TASK PROMPT —
Word for word, restate the lines from the start of the data below through the line containing "(* Let $d\ge".

INPUT FOR THIS TASK —
(* Let $r=r(n)\ge3$ and $m=m(n)$ be integers with $r=o(n^{1/2})$ and $1\le m=O(\log(r^{-2}n))$. Let $\mathcal{H}^+_r(n,m)$ be the set of $H\in\mathcal{H}_r(n,m)$ such that: (a) any two edges share at most two vertices; (b) every cluster consists of exactly two edges; (c) any two distinct clusters are vertex-disjoint; (d) there are at most two clusters. Then, as $n\to\infty$, \[ \frac{|\mathcal{H}^+_r(n,m)|}{|\mathcal{H}_r(n,m)|}=1-O\Bigl(\frac{r^6m^2}{n^3}\Bigr). \]
   Context: $\mathcal{H}_r(n,m)$ is the set of $r$-uniform hypergraphs on $[n]$ with exactly $m$ edges. Two edges are linked if they share exactly two vertices; with $G_H$ the graph on the edges of $H$ whose adjacency is linkedness, a cluster of $H$ is the sub-hypergraph formed by the edges of a connected component of $G_H$ with at least two vertices. $\log$ is natural. *)

theory Defs
  imports "HOL-Analysis.Analysis" "HOL-Library.Landau_Symbols"
begin

definition hypergraphs :: "nat \<Rightarrow> nat \<Rightarrow> nat \<Rightarrow> nat set set set" where
  "hypergraphs r n m = {H. H \<subseteq> {e. e \<subseteq> {1..n} \<and> card e = r} \<and> card H = m}"

text \<open>Two edges are linked if they share exactly two vertices (adjacency of G_H).\<close>
definition linked :: "nat set set \<Rightarrow> (nat set \<times> nat set) set" where
  "linked H = {(e, f). e \<in> H \<and> f \<in> H \<and> e \<noteq> f \<and> card (e \<inter> f) = 2}"

definition components :: "nat set set \<Rightarrow> nat set set set" where
  "components H = {{f \<in> H. (e, f) \<in> (linked H)\<^sup>*} | e. e \<in> H}"
(* Let $d\ge 2$ and suppose $\mathbb{C}^d$ admits a complete set of mutually unbiased bases, i.e. rank-one projectors $\Pi^j_i$, $j=1,\dots,d+1$, $i=1,\dots,d$, with ${\rm tr}(\Pi^j_i\Pi^j_k)=\delta_{ik}$ and ${\rm tr}(\Pi^j_i\Pi^l_k)=\frac1d$ whenever $j\ne l$. Then for all $X\in{\cal L}(\mathbb{C}^d)$, $$\sum_{i,j}\frac{1}{d(d+1)}\Pi^j_iX\Pi^j_i=\frac{1}{d(d+1)}\Big(({\rm tr}\,X)I+X\Big),$$ and consequently the ensemble ${\cal P}=\{\Pi^j_i,\frac{1}{d(d+1)}\}$ has accessible fidelity $F_{\cal P}=\frac{2}{d+1}$.
   Context: ${\cal L}(\mathbb{C}^d)$ is the space of linear operators on $\mathbb{C}^d$. For an ensemble ${\cal P}=\{\Pi_k,\pi_k\}$ of pure states, a POVM ${\cal E}=\{E_b\}$ and a reproduction strategy ${\cal M}:b\mapsto\sigma_b$ (density operators), the average fidelity is $F_{\cal P}({\cal E},{\cal M})=\sum_{b,k}\pi_k\,{\rm tr}(\Pi_kE_b)\,{\rm tr}(\Pi_k\sigma_b)$, and the accessible fidelity is $F_{\cal P}=\sup_{{\cal E},{\cal M}}F_{\cal P}({\cal E},{\cal M})$. *)

theory Defs
  imports "Jordan_Normal_Form.Matrix"
begin

definition mtrace :: "complex mat \<Rightarrow> complex" where
  "mtrace A = (\<Sum>i<dim_row A. A $$ (i,i))"

definition msum :: "nat \<Rightarrow> ('a \<Rightarrow> complex mat) \<Rightarrow> 'a set \<Rightarrow> complex mat" where
  "msum d f A = mat d d (\<lambda>(r,c). \<Sum>a\<in>A. f a $$ (r,c))"

definition quad_form :: "nat \<Rightarrow> complex mat \<Rightarrow> complex vec \<Rightarrow> complex" where
  "quad_form d A v = (\<Sum>i<d. \<Sum>j<d. cnj (v $ i) * A $$ (i,j) * v $ j)"

definition psd :: "nat \<Rightarrow> complex mat \<Rightarrow> bool" where
  "psd d A \<longleftrightarrow> A \<in> carrier_mat d d \<and>
     (\<forall>v\<in>carrier_vec d. Im (quad_form d A v) = 0 \<and> Re (quad_form d A v) \<ge> 0)"
lemma conj_nbhd:
  assumes "openin T V" "\<one> \<in> V"
  shows "\<exists>W. openin T W \<and> \<one> \<in> W \<and> conj_closure G W \<subseteq> V"
proof -
  obtain V1 where V1: "openin T V1" "\<one> \<in> V1" "products G V1 3 \<subseteq> V"
    using products_nbhd[OF assms] by blast
  obtain V0 where V0: "openin T V0" "\<one> \<in> V0" "V0 \<subseteq> V1" "\<forall>v\<in>V0. inv v \<in> V0"
    using symmetric_nbhd[OF V1(1,2)] by blast
  have V0_carrier: "V0 \<subseteq> carrier G" using openin_subset[OF V0(1)] by (simp add: topspace_eq)
  obtain F where F: "finite F" "F \<subseteq> carrier G" "carrier G = {f \<otimes> u | f u. f \<in> F \<and> u \<in> V0}"
    using finite_translates_cover[OF V0(1,2)] by blast
  \<comment> \<open>an intersection of finitely many conjugates of \<open>V0\<close>; every \<open>g\<close> is \<open>u\<inverse> f\<inverse>\<close> with \<open>u \<in> V0\<close>, \<open>f \<in> F\<close>\<close>
  define W where "W = (\<Inter>f\<in>F. {x \<in> topspace T. inv f \<otimes> x \<otimes> inv (inv f) \<in> V0}) \<inter> topspace T"
  have "openin T W"
    unfolding W_def using F(1,2) V0(1)
    by (intro openin_INT openin_continuous_map_preimage[OF continuous_map_conj]) auto
  moreover have "\<one> \<in> W" unfolding W_def using F(2) V0(2) by (auto simp: topspace_eq)
  moreover have "conj_closure G W \<subseteq> V"
  proof
    fix y assume "y \<in> conj_closure G W"
    then obtain g w where gw: "y = g \<otimes> w \<otimes> inv g" "g \<in> carrier G" "w \<in> W"
      unfolding conj_closure_def by blast
    have w: "w \<in> carrier G" using gw(3) unfolding W_def by (auto simp: topspace_eq)
    have "inv g \<in> carrier G" using gw(2) by simp
    then have "inv g \<in> {f \<otimes> u | f u. f \<in> F \<and> u \<in> V0}" unfolding F(3) .
    then obtain f u where fu: "inv g = f \<otimes> u" "f \<in> F" "u \<in> V0" by blast
    have f: "f \<in> carrier G" and u: "u \<in> carrier G" using fu F(2) V0_carrier by auto
    define c where "c = inv f \<otimes> w \<otimes> f"
    have "c \<in> V0" using gw(3) fu(2) f unfolding W_def c_def by auto
    have "g = inv u \<otimes> inv f"
      using fu f u gw(2) by (metis inv_inv inv_mult_group)
    then have "y = inv u \<otimes> (c \<otimes> (u \<otimes> \<one>))"
      using gw(1) fu(1) f u w unfolding c_def by (simp add: m_assoc)
    also have "\<dots> \<in> products G V1 3"
    proof -
      have "inv u \<in> V1" "c \<in> V1" "u \<in> V1" using \<open>c \<in> V0\<close> fu(3) V0(3,4) by auto
      then show ?thesis by (simp add: numeral_3_eq_3) blast
    qed
    finally show "y \<in> V" using V1(3) by blast
  qed
  ultimately show ?thesis by (intro exI[of _ W] conjI)
qed
section \<open>The embedding g \<mapsto> (g, ncycle n)\<close>

locale sym_extension = group G for G :: "('a, 'b) monoid_scheme" (structure) +
  fixes S :: "'a set" and n :: nat
  assumes gen_set: "gen_set G S" and three_le_n: "3 \<le> n"
begin

abbreviation "Gn \<equiv> G \<times>\<times> sym_group n"
abbreviation "Tn \<equiv> split_gen G S (sym_group n) (S_pos n)"

lemma S_subset_carrier: "S \<subseteq> carrier G"
  and inv_in_S: "s \<in> S \<Longrightarrow> inv s \<in> S"
  and finite_S: "finite S"
  using gen_set by (auto simp: gen_set_def)

lemma word_prods_S: "word_prods G S = carrier G"
  using word_prods_eq_generate[OF S_subset_carrier] inv_in_S gen_set by (simp add: gen_set_def)

lemma ncycle_closed: "ncycle n \<in> carrier (sym_group n)"
  using three_le_n by (intro ncycle_in_carrier) simp

lemma word_len_pair:
  assumes "x \<in> carrier G" "p \<in> carrier (sym_group n)"
  shows "word_len Gn Tn (x, p) = word_len G S x + word_len (sym_group n) (S_pos n) p"
  using assms word_prods_S word_prods_S_pos[OF three_le_n]
  by (intro word_len_DirProd group.is_monoid sym_group_is_group S_subset_carrier S_pos_subset_carrier)
    (auto intro: is_group)

lemma inv_pair:
  "x \<in> carrier G \<Longrightarrow> p \<in> carrier (sym_group n) \<Longrightarrow>
    inv\<^bsub>Gn\<^esub> (x, p) = (inv x, inv\<^bsub>sym_group n\<^esub> p)"
  by (rule inv_DirProd[OF is_group sym_group_is_group])

lemma word_dist_embed:
  assumes "g \<in> carrier G" "h \<in> carrier G"
  shows "word_dist Gn Tn (g, ncycle n) (h, ncycle n) = word_dist G S g h"
proof -
  interpret H: group "sym_group n" by (rule sym_group_is_group)
  have "inv\<^bsub>Gn\<^esub> (g, ncycle n) \<otimes>\<^bsub>Gn\<^esub> (h, ncycle n) = (inv g \<otimes> h, \<one>\<^bsub>sym_group n\<^esub>)"
    using assms ncycle_closed by (simp add: inv_pair del: sym_group_inv_equality)
  then show ?thesis
    using assms word_len_pair[of "inv g \<otimes> h" "\<one>\<^bsub>sym_group n\<^esub>"] by (simp add: word_dist_def)
qed

lemma word_dist_embed_mult:
  assumes "g \<in> carrier G" "h \<in> carrier G"
  shows "word_dist Gn Tn (g \<otimes> h, ncycle n) ((g, ncycle n) \<otimes>\<^bsub>Gn\<^esub> (h, ncycle n)) = 2"
proof -
  interpret H: group "sym_group n" by (rule sym_group_is_group)
  have "inv\<^bsub>Gn\<^esub> (g \<otimes> h, ncycle n) \<otimes>\<^bsub>Gn\<^esub> ((g, ncycle n) \<otimes>\<^bsub>Gn\<^esub> (h, ncycle n)) = (\<one>, ncycle n)"
    using assms ncycle_closed
    by (simp add: inv_pair H.m_assoc[symmetric] del: sym_group_inv_equality)
  then show ?thesis
    using word_len_pair[of \<one> "ncycle n"] ncycle_closed word_len_ncycle[OF three_le_n]
    by (simp add: word_dist_def)
qed

lemma sum_word_len_conj_embed_le:
  assumes "g \<in> carrier G"
  shows "(\<Sum>t\<in>Tn. word_len Gn Tn (inv\<^bsub>Gn\<^esub> t \<otimes>\<^bsub>Gn\<^esub> (g, ncycle n) \<otimes>\<^bsub>Gn\<^esub> t))
    \<le> card S * (word_len G S g + 4) + card (S_pos n) * (word_len G S g + 1) + 6 * n"
proof -
  let ?H = "sym_group n" and ?U = "S_pos n" and ?L = "word_len G S g"
  let ?f = "\<lambda>t. word_len Gn Tn (inv\<^bsub>Gn\<^esub> t \<otimes>\<^bsub>Gn\<^esub> (g, ncycle n) \<otimes>\<^bsub>Gn\<^esub> t)"
  interpret H: group ?H by (rule sym_group_is_group)
  have "?f (s, \<one>\<^bsub>?H\<^esub>) \<le> ?L + 4" if s: "s \<in> S" for s
  proof -
    have "s \<in> carrier G"
      using s S_subset_carrier by auto
    then have "?f (s, \<one>\<^bsub>?H\<^esub>) = word_len G S (inv s \<otimes> g \<otimes> s) + 2"
      using assms ncycle_closed word_len_pair word_len_ncycle[OF three_le_n]
      by (simp add: inv_pair del: sym_group_inv_equality)
    also have "\<dots> \<le> ?L + 4"
      using word_len_conj_le[OF S_subset_carrier _ s] inv_in_S assms word_prods_S by auto
    finally show ?thesis .
  qed
  then have "(\<Sum>s\<in>S. ?f (s, \<one>\<^bsub>?H\<^esub>)) \<le> card S * (?L + 4)"
    using sum_bounded_above[of S "\<lambda>s. ?f (s, \<one>\<^bsub>?H\<^esub>)" "?L + 4"] by simp
  moreover have "?f (\<one>, a) = ?L + word_len ?H ?U (inv\<^bsub>?H\<^esub> a \<otimes>\<^bsub>?H\<^esub> ncycle n \<otimes>\<^bsub>?H\<^esub> a)"
    if "a \<in> ?U" for a
  proof -
    have a: "a \<in> carrier ?H"
      using that S_pos_subset_carrier by auto
    then have "inv\<^bsub>Gn\<^esub> (\<one>, a) \<otimes>\<^bsub>Gn\<^esub> (g, ncycle n) \<otimes>\<^bsub>Gn\<^esub> (\<one>, a)
        = (g, inv\<^bsub>?H\<^esub> a \<otimes>\<^bsub>?H\<^esub> ncycle n \<otimes>\<^bsub>?H\<^esub> a)"
      using assms by (simp add: inv_pair del: sym_group_inv_equality)
    then show ?thesis
      using a assms ncycle_closed word_len_pair by (simp del: sym_group_inv_equality)
  qed
  then have "(\<Sum>a\<in>?U. ?f (\<one>, a)) \<le> card ?U * (?L + 1) + 6 * n"
    using sum_word_len_conj_ncycle_le[OF three_le_n] by (simp add: sum.distrib algebra_simps)
  ultimately show ?thesis
    using sum_split_gen[OF finite_S finite_S_pos[of n], where H = ?H and f = ?f and G = G]
    by (simp add: sym_group_one id_notin_S_pos)
qed
lemma finite_algebra_over_containing:
  assumes A: "is_subring A" and S: "finite S" "\<And>s. s \<in> S \<Longrightarrow> integral_over A s"
  shows "\<exists>V. finite_algebra_over A V \<and> S \<subseteq> span_over A V"
  using S
proof (induction S rule: finite_induct)
  case empty
  then show ?case using finite_algebra_over_one[OF A] by blast
next
  case (insert s S)
  then obtain V where V: "finite_algebra_over A V" "S \<subseteq> span_over A V" by auto
  have "a \<in> span_over A V" if "a \<in> A" for a
    using span_over_scale[OF A that, of 1] V by (simp add: finite_algebra_over_def)
  moreover obtain n c where "\<forall>i<n. c i \<in> A" "s ^ n + (\<Sum>i<n. c i * s ^ i) = 0"
    using insert.prems unfolding integral_over_def by blast
  ultimately obtain W where "finite_algebra_over A W" "span_over A V \<subseteq> span_over A W" "s \<in> span_over A W"
    using finite_algebra_over_adjoin[OF A V(1)] by metis
  then show ?case using V by blast
qed

lemma integral_over_add:
  assumes A: "is_subring A" and "integral_over A x" "integral_over A y"
  shows "integral_over A (x + y)"
proof -
  obtain V where "finite_algebra_over A V" "{x, y} \<subseteq> span_over A V"
    using finite_algebra_over_containing[OF A, of "{x, y}"] assms by auto
  then show ?thesis using integral_over_if_in_finite_algebra[OF A] span_over.add by blast
qed

lemma integral_over_sum:
  "is_subring A \<Longrightarrow> (\<And>i. i \<in> I \<Longrightarrow> integral_over A (f i)) \<Longrightarrow> integral_over A (sum f I)"
  by (induction I rule: infinite_finite_induct)
     (simp_all add: integral_over_add integral_over_mem is_subring_def)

EXERCISE OUTPUT —
(* Let $r=r(n)\ge3$ and $m=m(n)$ be integers with $r=o(n^{1/2})$ and $1\le m=O(\log(r^{-2}n))$. Let $\mathcal{H}^+_r(n,m)$ be the set of $H\in\mathcal{H}_r(n,m)$ such that: (a) any two edges share at most two vertices; (b) every cluster consists of exactly two edges; (c) any two distinct clusters are vertex-disjoint; (d) there are at most two clusters. Then, as $n\to\infty$, \[ \frac{|\mathcal{H}^+_r(n,m)|}{|\mathcal{H}_r(n,m)|}=1-O\Bigl(\frac{r^6m^2}{n^3}\Bigr). \]
   Context: $\mathcal{H}_r(n,m)$ is the set of $r$-uniform hypergraphs on $[n]$ with exactly $m$ edges. Two edges are linked if they share exactly two vertices; with $G_H$ the graph on the edges of $H$ whose adjacency is linkedness, a cluster of $H$ is the sub-hypergraph formed by the edges of a connected component of $G_H$ with at least two vertices. $\log$ is natural. *)

theory Defs
  imports "HOL-Analysis.Analysis" "HOL-Library.Landau_Symbols"
begin

definition hypergraphs :: "nat \<Rightarrow> nat \<Rightarrow> nat \<Rightarrow> nat set set set" where
  "hypergraphs r n m = {H. H \<subseteq> {e. e \<subseteq> {1..n} \<and> card e = r} \<and> card H = m}"

text \<open>Two edges are linked if they share exactly two vertices (adjacency of G_H).\<close>
definition linked :: "nat set set \<Rightarrow> (nat set \<times> nat set) set" where
  "linked H = {(e, f). e \<in> H \<and> f \<in> H \<and> e \<noteq> f \<and> card (e \<inter> f) = 2}"

definition components :: "nat set set \<Rightarrow> nat set set set" where
  "components H = {{f \<in> H. (e, f) \<in> (linked H)\<^sup>*} | e. e \<in> H}"
(* Let $d\ge 2$ and suppose $\mathbb{C}^d$ admits a complete set of mutually unbiased bases, i.e. rank-one projectors $\Pi^j_i$, $j=1,\dots,d+1$, $i=1,\dots,d$, with ${\rm tr}(\Pi^j_i\Pi^j_k)=\delta_{ik}$ and ${\rm tr}(\Pi^j_i\Pi^l_k)=\frac1d$ whenever $j\ne l$. Then for all $X\in{\cal L}(\mathbb{C}^d)$, $$\sum_{i,j}\frac{1}{d(d+1)}\Pi^j_iX\Pi^j_i=\frac{1}{d(d+1)}\Big(({\rm tr}\,X)I+X\Big),$$ and consequently the ensemble ${\cal P}=\{\Pi^j_i,\frac{1}{d(d+1)}\}$ has accessible fidelity $F_{\cal P}=\frac{2}{d+1}$.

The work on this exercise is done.